Stored data:
============================================================

(* Let $(\mathsf{X},\mathscr{X})$ be a measurable space and $P$ a Markov kernel on $\mathsf{X}\times\mathscr{X}$ satisfying: (i) $P$ is irreducible and aperiodic with unique invariant probability $\pi$; (ii) there exist a non-empty set $\mathsf{C}\in\mathscr{X}$ and reals $u>1$, $M>0$ such that $\sup_{x\in\mathsf{C}}\mathbb{E}_x[u^{\sigma_{\mathsf{C}}}]\leqslant M$, where $\sigma_{\mathsf{C}}=\inf\{n\geqslant 1: X_n\in\mathsf{C}\}$; (iii) there exist $r\in(0,1)$ and $L\geqslant 1$ such that $\mathrm{d}_{\mathrm{TV}}(\delta_xP^n,\pi)\leqslant Lr^n$ for all $x\in\mathsf{C}$ and all $n\geqslant 0$. Let $n\geqslant 1$, $c=(c_0,\ldots,c_{n-1})\in\mathbb{R}_+^n$ and let $f:\mathsf{X}^n\to\mathbb{R}$ be measurable with $|f(x)-f(y)|\leqslant\sum_{i=0}^{n-1}c_i\mathbf{1}_{\{x_i\neq y_i\}}$ for all $x,y\in\mathsf{X}^n$. Set $g_{n-1}=g_{n-1,\pi}=f$ and, for $i\in\{0,\ldots,n-2\}$ and $(x_0,\ldots,x_i)\in\mathsf{X}^{i+1}$, \[ g_i(x_0,\ldots,x_i)=\mathbb{E}_{x_i}[f(x_0,\ldots,x_i,X_1,\ldots,X_{n-1-i})],\qquad g_{i,\pi}(x_0,\ldots,x_i)=\mathbb{E}_{\pi}[f(x_0,\ldots,x_i,X_1,\ldots,X_{n-1-i})]. \] Then for any $i\in\{0,\ldots,n-1\}$ and any $(x_0,\ldots,x_{i-1},x_i)\in\mathsf{X}^i\times\mathsf{C}$, \[ |g_i(x_0,\ldots,x_i)-g_{i,\pi}(x_0,\ldots,x_i)|\leqslant 2L\sum_{j=i+1}^{n-1}c_jr^{j-i}\;. \]
   Context: $(X_k)_{k\geqslant 0}$ is the canonical process on $\mathsf{X}^{\mathbb{Z}_+}$; for a probability measure $\xi$, $\mathbb{P}_\xi$ is the law under which $(X_k)$ is a Markov chain with kernel $P$ and initial distribution $\xi$, $\mathbb{E}_\xi$ its expectation, and $\mathbb{P}_x=\mathbb{P}_{\delta_x}$, $\mathbb{E}_x=\mathbb{E}_{\delta_x}$ with $\delta_x$ the Dirac mass at $x$. $\mathrm{d}_{\mathrm{TV}}(\mu,\nu)=\sup_{A\in\mathscr{X}}|\mu(A)-\nu(A)|$ is the total variation distance. An empty sum equals $0$. *)

theory Defs
  imports "HOL-Probability.Probability"
begin

definition markov_kernel :: "'a measure \<Rightarrow> ('a \<Rightarrow> 'a measure) \<Rightarrow> bool" where
  "markov_kernel M P \<longleftrightarrow> P \<in> M \<rightarrow>\<^sub>M prob_algebra M"

fun kpow :: "'a measure \<Rightarrow> ('a \<Rightarrow> 'a measure) \<Rightarrow> nat \<Rightarrow> 'a \<Rightarrow> 'a measure" where
  "kpow M P 0 x = return M x"
| "kpow M P (Suc n) x = bind (kpow M P n x) P"

definition dTV :: "'a measure \<Rightarrow> 'a measure \<Rightarrow> 'a measure \<Rightarrow> real" where
  "dTV M \<mu> \<nu> = (SUP A\<in>sets M. \<bar>measure \<mu> A - measure \<nu> A\<bar>)"

text \<open>Finite-horizon expectation under the chain started at x:
  path_exp P m h x = E_x[ h(X_1, ..., X_m) ], where the argument of h is the
  sequence ys with ys k = X_(k+1) for k < m (entries beyond m are irrelevant).\<close>
definition scons :: "'a \<Rightarrow> (nat \<Rightarrow> 'a) \<Rightarrow> nat \<Rightarrow> 'a" where
  "scons y ys = (\<lambda>k. if k = 0 then y else ys (k - 1))"
lemma vec_norm_scale: "v \<in> carrier_vec n \<Longrightarrow> \<nu> (c \<cdot>\<^sub>v v) = cmod c * \<nu> v"
  using \<nu> unfolding vec_norm_on_def by blast

lemma vec_norm_triangle: "v \<in> carrier_vec n \<Longrightarrow> w \<in> carrier_vec n \<Longrightarrow> \<nu> (v + w) \<le> \<nu> v + \<nu> w"
  using \<nu> unfolding vec_norm_on_def by blast

lemma vec_norm_unit_exists:
  assumes "0 < n"
  obtains u where "u \<in> carrier_vec n" "\<nu> u = 1"
proof -
  let ?e = "unit_vec n 0 :: complex vec"
  have "?e \<noteq> 0\<^sub>v n" using assms by (metis index_unit_vec(1) index_zero_vec(1) zero_neq_one)
  then have "\<nu> ?e > 0" using vec_norm_eq_0_iff[of ?e] vec_norm_nonneg[of ?e] by simp
  then have "\<nu> (complex_of_real (inverse (\<nu> ?e)) \<cdot>\<^sub>v ?e) = 1" by (simp add: vec_norm_scale norm_inverse)
  then show thesis by (rule that[rotated]) simp
qed

lemma vec_norm_le_sum_units:
  assumes v: "v \<in> carrier_vec n"
  shows "\<nu> v \<le> (\<Sum>i<n. cmod (v $ i) * \<nu> (unit_vec n i))"
proof -
  have prefix: "\<nu> (vec n (\<lambda>i. if i < j then v $ i else 0)) \<le> (\<Sum>i<j. cmod (v $ i) * \<nu> (unit_vec n i))"
    if "j \<le> n" for j
    using that
  proof (induction j)
    case 0
    have "vec n (\<lambda>i. if i < 0 then v $ i else 0) = 0\<^sub>v n" by auto
    then show ?case using vec_norm_eq_0_iff[of "0\<^sub>v n"] by simp
  next
    case (Suc j)
    have "vec n (\<lambda>i. if i < Suc j then v $ i else 0) =
        vec n (\<lambda>i. if i < j then v $ i else 0) + (v $ j) \<cdot>\<^sub>v unit_vec n j"
      using Suc.prems by (intro eq_vecI) (auto simp: less_Suc_eq)
    then have "\<nu> (vec n (\<lambda>i. if i < Suc j then v $ i else 0)) \<le>
        \<nu> (vec n (\<lambda>i. if i < j then v $ i else 0)) + cmod (v $ j) * \<nu> (unit_vec n j)"
      using vec_norm_triangle[of "vec n (\<lambda>i. if i < j then v $ i else 0)" "(v $ j) \<cdot>\<^sub>v unit_vec n j"]
        vec_norm_scale[of "unit_vec n j"] by simp
    then show ?case using Suc by simp
  qed
  have "vec n (\<lambda>i. if i < n then v $ i else 0) = v" using v by auto
  then show ?thesis using prefix[OF order_refl] by simp
qed
lemma L_integral_partial_x:
  assumes "(x, y) \<in> D"
  shows "((\<lambda>s. L_integral x0 y0 P Q s y) has_real_derivative P (x, y)) (at x)"
proof -
  have cP: "continuous_on D P"
    by (intro differentiable_imp_continuous_on differentiable_at_imp_differentiable_on dP)
  have cQ: "continuous_on D Q"
    by (intro differentiable_imp_continuous_on differentiable_at_imp_differentiable_on dQ)
  have "\<And>t. t \<in> closed_segment y0 y \<Longrightarrow> (x, t) \<in> D"
    using L_paths[OF assms] by blast
  then obtain e where "e > 0" and tube: "\<forall>s\<in>ball x e. \<forall>t\<in>closed_segment y0 y. (s, t) \<in> D"
    using open_contains_vertical_tube[OF \<open>open D\<close>] by blast
  define X where "X = ball x e"
  have X: "x \<in> X" "open X" "convex X"
    using \<open>e > 0\<close> by (simp_all add: X_def)
  have seg: "{min y0 y..max y0 y} = closed_segment y0 y"
    by (simp add: closed_segment_eq_real_ivl min_def max_def)
  have XD: "X \<times> {min y0 y..max y0 y} \<subseteq> D"
    using tube by (auto simp: X_def seg)
  have dH: "((\<lambda>s. LBINT \<sigma>=x0..s. P (\<sigma>, y0)) has_real_derivative P (x, y0)) (at x)"
  proof (rule interval_integral_has_real_derivative_open[OF open_slices(1)[OF \<open>open D\<close>]])
    show "closed_segment x0 x \<subseteq> (\<lambda>s. (s, y0)) -` D"
      using L_paths[OF assms] by blast
  qed (rule continuous_on_slices(1)[OF cP])
  have dV: "((\<lambda>s. LBINT \<tau>=y0..y. Q (s, \<tau>)) has_real_derivative (LBINT \<tau>=y0..y. pd10 Q (x, \<tau>))) (at x within X)"
  proof (rule interval_integral_leibniz[OF _ _ _ X(1,3)])
    show "((\<lambda>s. Q (s, t)) has_real_derivative pd10 Q (s, t)) (at s within X)"
      if "s \<in> X" "t \<in> {min y0 y..max y0 y}" for s t
      using XD that by (intro has_field_derivative_at_within[OF pd10_deriv] dQ) blast
    show "continuous_on {min y0 y..max y0 y} (\<lambda>t. Q (s, t))" if "s \<in> X" for s
      by (rule continuous_on_subset[OF continuous_on_slices(2)[OF cQ]]) (use XD that in blast)
    show "continuous_on (X \<times> {min y0 y..max y0 y}) (\<lambda>(s, t). pd10 Q (s, t))"
      using continuous_on_subset[OF cQx XD] by simp
  qed
  have "((\<lambda>s. L_integral x0 y0 P Q s y) has_real_derivative P (x, y)) (at x within X)"
    using DERIV_add[OF has_field_derivative_at_within[OF dH] dV] integral_pd10_vertical[OF assms]
    unfolding L_integral_def by simp
  then show ?thesis
    unfolding at_within_open[OF X(1,2)] .
qed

============================================================

EXERCISE OBJECTIVE:
Only the lines from the one containing "unfolding L_integral_def by simp" through the end of the entries above belong in the answer; repeat them exactly.

ANSWER SPACE:
    unfolding L_integral_def by simp
  then show ?thesis
    unfolding at_within_open[OF X(1,2)] .
qed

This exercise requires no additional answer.